There was no sense dodging the inevitable, so hoping against hope, I hitched in air and released it with a hiss. “Jodat. Jedediah Jodat.”

A murmur buzzed through the room as whispers turned into little gasps of gossipy recognition. Tension cranked up in the joint when all of a sudden Constable Cade had one of his SW Lasers aimed at my belly.

Misunderstandings

Now a reputation is a helluva thing; it can get distorted and have little resemblance to the facts of one’s character. I’m one of the good guys; I happen to have a propensity for intervening in situations that are none of my business, and that flaw often results in misunderstandings.

“You are under arrest, Mr. Jodat,” Constable Cade declared loudly.

“On what charge?” asked the dame with the pretty circles.

I nodded. “That’s a fair question. All I did was help the lady.”

“There’s Intergalactic Fliers on you up to ying yang,” Cade replied, keeping the pistol pointed at my gut. “I could select a charge out of the blue and make it stick, so let’s move along before anyone else gets hurt.”

“Hang on a minute,” I said, wanting to jawbone. “There was that incident on Delancey Street awhile back, but I’m completely innocent.”

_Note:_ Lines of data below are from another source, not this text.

lemma wentzell_bvp_cong:
  assumes "wentzell_bvp lam r p q c d g a b f" "0 \<le> r"
    and "\<forall>x\<in>{0..r}. f' x = f x" "\<forall>x\<in>{0..r}. g' x = g x" "a' = a" "b' = b"
  shows "wentzell_bvp lam r p q c d g' a' b' f'"
proof -
  obtain f1 f2 where "C2_on 0 r f f1 f2" "\<forall>x\<in>{0..r}. lam * f x - f2 x / 2 = g x"
    "p * f2 0 - (1 - p) * f1 0 + c * f 0 = c * a" "q * f2 r + (1 - q) * f1 r + d * f r = d * b"
    using assms(1) by (rule wentzell_bvpE)
  with assms(2-) show ?thesis
    by (intro wentzell_bvpI[OF C2_on_cong]) auto
qed

lemma wentzell_bvp_add_scaled:
  assumes "wentzell_bvp lam r p q c d g a b f" "wentzell_bvp lam r p q c d g' a' b' f'"
  shows "wentzell_bvp lam r p q c d (\<lambda>x. g x + k * g' x) (a + k * a') (b + k * b')
           (\<lambda>x. f x + k * f' x)"
proof -
  obtain f1 f2 where "C2_on 0 r f f1 f2" "\<forall>x\<in>{0..r}. lam * f x - f2 x / 2 = g x"
    "p * f2 0 - (1 - p) * f1 0 + c * f 0 = c * a" "q * f2 r + (1 - q) * f1 r + d * f r = d * b"
    using assms(1) by (rule wentzell_bvpE)
  moreover obtain f1' f2' where "C2_on 0 r f' f1' f2'"
    "\<forall>x\<in>{0..r}. lam * f' x - f2' x / 2 = g' x"
    "k * (p * f2' 0 - (1 - p) * f1' 0 + c * f' 0) = k * (c * a')"
    "k * (q * f2' r + (1 - q) * f1' r + d * f' r) = k * (d * b')"
    using assms(2) by (auto elim: wentzell_bvpE)
  ultimately show ?thesis
    by (intro wentzell_bvpI[OF C2_on_add_scaled]) (auto simp: algebra_simps)
qed

lemma homogeneous_solution_exp_form:
  fixes s :: real
  assumes "s \<noteq> 0" and w: "C2_on 0 r w w1 w2" and ode: "\<forall>x\<in>{0..r}. w2 x = s * s * w x"
  obtains A B where "\<forall>x\<in>{0..r}. w x = A * exp (s * x) + B * exp (- s * x) \<and>
                                w1 x = s * A * exp (s * x) - s * B * exp (- s * x)"
proof -
  (* w' - s w solves z' = - s z, and then w' = s w + z is again a first-order equation. *)
  define A where "A = (w 0 + w1 0 / s) / 2"
  define B where "B = (w 0 - w1 0 / s) / 2"
  define E where "E x = A * exp (s * x) + B * exp (- s * x)" for x
  define E1 where "E1 x = s * A * exp (s * x) - s * B * exp (- s * x)" for x
  have dE: "(E has_real_derivative E1 x) (at x within {0..r})"
    and dE1: "(E1 has_real_derivative s * s * E x) (at x within {0..r})" for x
    unfolding E_def E1_def by (auto intro!: derivative_eq_intros simp: algebra_simps)
  have dw: "(w has_real_derivative w1 x) (at x within {0..r})"
    and dw1: "(w1 has_real_derivative s * s * w x) (at x within {0..r})"
    if "x \<in> {0..r}" for x
    using w ode that unfolding C2_on_def by auto
  have "w1 x - s * w x = E1 x - s * E x" if "x \<in> {0..r}" for x
  proof (rule first_order_linear_ode_unique[where k="- s" and h="\<lambda>_. 0", OF _ _ _ that])
    show "\<forall>x\<in>{0..r}. ((\<lambda>x. w1 x - s * w x) has_real_derivative
              - s * (w1 x - s * w x) + 0) (at x within {0..r})"
      using DERIV_diff[OF dw1 DERIV_cmult[OF dw]] by (simp add: algebra_simps)
    show "\<forall>x\<in>{0..r}. ((\<lambda>x. E1 x - s * E x) has_real_derivative
              - s * (E1 x - s * E x) + 0) (at x within {0..r})"
      using DERIV_diff[OF dE1 DERIV_cmult[OF dE]] by (simp add: algebra_simps)
    show "w1 0 - s * w 0 = E1 0 - s * E 0"
      using \<open>s \<noteq> 0\<close> by (simp add: A_def B_def E_def E1_def field_simps)
  qed
  moreover have "w x = E x" if "x \<in> {0..r}" for x
  proof (rule first_order_linear_ode_unique[where k=s and h="\<lambda>x. w1 x - s * w x", OF _ _ _ that])
    show "\<forall>x\<in>{0..r}. (w has_real_derivative s * w x + (w1 x - s * w x)) (at x within {0..r})"
      using dw by simp
    show "\<forall>x\<in>{0..r}. (E has_real_derivative s * E x + (w1 x - s * w x)) (at x within {0..r})"
      using dE calculation by simp
    show "w 0 = E 0"
      by (simp add: A_def B_def E_def field_simps)
  qed
  ultimately show thesis
    by (intro that[of A B]) (auto simp: E_def E1_def)
qed

lemma wentzell_bvp_exp_comb:
  assumes "lam > 0"
    and "c * a = A * a11 lam p c + B * a12 lam p c"
    and "d * b = A * a21 lam r q d + B * a22 lam r q d"
  shows "wentzell_bvp lam r p q c d (\<lambda>_. 0) a b
           (\<lambda>x. A * exp (sqrt (2 * lam) * x) + B * exp (- sqrt (2 * lam) * x))"
proof -
  define s where "s = sqrt (2 * lam)"
  have ss: "s * (s * y) = 2 * lam * y" for y
    using assms(1) by (simp add: s_def flip: mult.assoc)
  show ?thesis
    unfolding s_def[symmetric]
  proof (rule wentzell_bvpI)
    show "C2_on 0 r (\<lambda>x. A * exp (s * x) + B * exp (- s * x))
            (\<lambda>x. s * A * exp (s * x) - s * B * exp (- s * x))
            (\<lambda>x. 2 * lam * (A * exp (s * x) + B * exp (- s * x)))"
      unfolding C2_on_def
      by (auto intro!: derivative_eq_intros continuous_intros simp: algebra_simps ss)
  qed (use assms(2,3) in \<open>auto simp: a11_def a12_def a21_def a22_def s_def algebra_simps\<close>)
qed

lemma exists_particular_solution:
  assumes "lam > 0" "continuous_on {0..r} g"
  obtains f f1 f2 where "C2_on 0 r f f1 f2" "\<forall>x\<in>{0..r}. lam * f x - f2 x / 2 = g x"
proof -
  define s where "s = sqrt (2 * lam)"
  have "s > 0" using assms(1) by (simp add: s_def)
  (* variation of constants: f = exp (s x) U + exp (- s x) V with U' exp (s x) + V' exp (- s x) = 0 *)
  have ss: "s * (s * y) = 2 * lam * y" for y
    using assms(1) by (simp add: s_def flip: mult.assoc)
  have e: "exp (s * x) * exp (- (s * x)) = 1" for x
    by (simp flip: exp_add)
  define U where "U x = integral {0..x} (\<lambda>y. - exp (- s * y) * g y / s)" for x
  define V where "V x = integral {0..x} (\<lambda>y. exp (s * y) * g y / s)" for x
  have dU: "(U has_real_derivative - exp (- s * x) * g x / s) (at x within {0..r})"
    and dV: "(V has_real_derivative exp (s * x) * g x / s) (at x within {0..r})"
    if "x \<in> {0..r}" for x
    unfolding U_def V_def has_real_derivative_iff_has_vector_derivative
    by (rule integral_has_vector_derivative[OF _ that];
        use assms(2) \<open>s > 0\<close> in \<open>auto intro!: continuous_intros\<close>)+
  define f where "f x = exp (s * x) * U x + exp (- s * x) * V x" for x
  define f1 where "f1 x = s * exp (s * x) * U x - s * exp (- s * x) * V x" for x
  have df: "(f has_real_derivative f1 x) (at x within {0..r})"
    and df1: "(f1 has_real_derivative 2 * lam * f x - 2 * g x) (at x within {0..r})"
    if "x \<in> {0..r}" for x
    using dU[OF that] dV[OF that] \<open>s > 0\<close> unfolding f_def f1_def
    by (auto intro!: derivative_eq_intros simp: field_simps ss e)
  have "continuous_on {0..r} (\<lambda>x. 2 * lam * f x - 2 * g x)"
    using DERIV_continuous_on[OF df] assms(2) by (auto intro!: continuous_intros)
  with df df1 have "C2_on 0 r f f1 (\<lambda>x. 2 * lam * f x - 2 * g x)"
    unfolding C2_on_def by blast
  then show thesis
    by (rule that) (simp add: field_simps)
qed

“Incident on Delancey Street?  Is that what you call murder?”

“Murder is such a nasty word, Constable Cade.”

“Truth sometimes has that quality.”

“Any charges from the Delancey Street incident are bogus,” I said flatly. “All I was doing was helping a lady out of jam.”

“You do have your own particular pattern, don’tcha?”

I shrugged and resigned myself to the present circumstances. It’d all be history soon; there was no rhyme or rhythm to it, but sure enough, I’d jump someplace else.

Constable Cade escorted me out, and quick as quick can be, I’d been processed, and was sitting inside a concrete walled box on Pandora.

It’s a funny thing. No matter when or where one is misunderstood, the interiors of jail cells are always the same.